Particulate coatings produced by electrospray deposition (ESD) of ethyl cellulose particles are found to widen over time. We hypothesize that during the ESD process, the electrospray expands due to repulsion caused by accumulated electrostatic charge in the film. The radial profiles of film thickness, mass density (per unit area), and porosity (gas volume fraction) have been determined as a function of several factors which influence electrostatic charging, namely, collection time, relative humidity, and deposition flux. The mass density has been determined from the local film thickness attained upon thermal annealing, which is largest near the center of the spray. The local porosity is lowest at the film center (at between 0.5 and 0.6), whereas across the film, it is roughly uniform (between 0.6 and 0.7) for deposition in a dry ambient, and slightly higher and more variable for humid ambient deposition. The granular films are compact (with low fractality) as expected for ballistic deposition (large Peclet number).

Turbulence in pneumatic flow focusing and flow blurring regimes.

An important paradigm in pneumatic atomization is the production of droplet sizes in the micron and submicron range, while achieving high energy efficiency by means of simple atomizer designs. Flow focusing (FF) and flow blurring (FB) [A. M. Gañán-Calvo, Appl. Phys. Lett.86, 214101 (2005).] are advancements toward this goal.

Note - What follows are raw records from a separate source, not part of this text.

definition Mqs :: "nat list \<Rightarrow> nat \<Rightarrow> (nat \<Rightarrow> real) \<Rightarrow> real" where
  "Mqs \<beta> N x = (\<Sum>i\<in>{i\<in>{0..<length \<beta>} \<rightarrow>\<^sub>E {1..N}. strict_mono_on {0..<length \<beta>} i}.
                    \<Prod>j<length \<beta>. x (i j) ^ (\<beta> ! j))"

definition Sset :: "nat list \<Rightarrow> nat set" where
  "Sset \<alpha> = {sum_list (take i \<alpha>) | i. 1 \<le> i \<and> i < length \<alpha>}"

definition refines :: "nat list \<Rightarrow> nat list \<Rightarrow> bool" where
  "refines \<alpha> \<beta> \<longleftrightarrow> Sset \<beta> \<subseteq> Sset \<alpha>"

text \<open>Block B_i(alpha), 0-indexed i: the i-th consecutive interval of [n].\<close>
definition block :: "nat list \<Rightarrow> nat \<Rightarrow> nat set" where
  "block \<alpha> i = {sum_list (take i \<alpha>) + 1 .. sum_list (take (Suc i) \<alpha>)}"

definition zee :: "nat list \<Rightarrow> nat" where
  "zee \<alpha> = (\<Prod>i\<in>set \<alpha>. i ^ count (mset \<alpha>) i * fact (count (mset \<alpha>) i))"

definition piC :: "nat list \<Rightarrow> nat" where
  "piC \<gamma> = (\<Prod>i<length \<gamma>. sum_list (take (Suc i) \<gamma>))"

definition subcomp :: "nat list \<Rightarrow> nat list \<Rightarrow> nat \<Rightarrow> nat list" where
  "subcomp \<alpha> \<beta> i = [\<alpha> ! j. j \<leftarrow> [0..<length \<alpha>], block \<alpha> j \<subseteq> block \<beta> i]"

Both FF and FB feature a fundamental macroscopic soft length scale, e.g., the diameter of the liquid stream formed at a discharge orifice by conversion of pressure into liquid kinetic energy. Droplet diameter distribution data compiled from many experiments reveal that turbulent flow regimes occur in both FF and FB. In FF, like in other jet-based droplet generation techniques, the jet breakup becomes asymmetric for Weber numbers over a transitional one (approximately 20 in FF), becoming turbulent through nonlinear interactions with the gas, downstream of the discharge orifice, for large enough Weber numbers. In FB, the liquid and gas phases interact inherently in a turbulent manner: air accelerates radially and implosively toward the liquid exiting a feeding tube, and mixes with it in a region immediately preceding discharge into ambient air. In our model, droplets form by the action of turbulent pressure fluctuations present in both phases, and a resulting droplet diameter distribution is obtained when coagulation and breakup events of the liquid blobs equilibrate. When the large scale of the turbulent inertial range is taken to be the fundamental soft scale, the model predicts a lower bound to the experimentally determined droplet volume median diameters. On the other hand, the histograms reflect the existence of additional hard length scales imposed by the atomizer outlet geometry.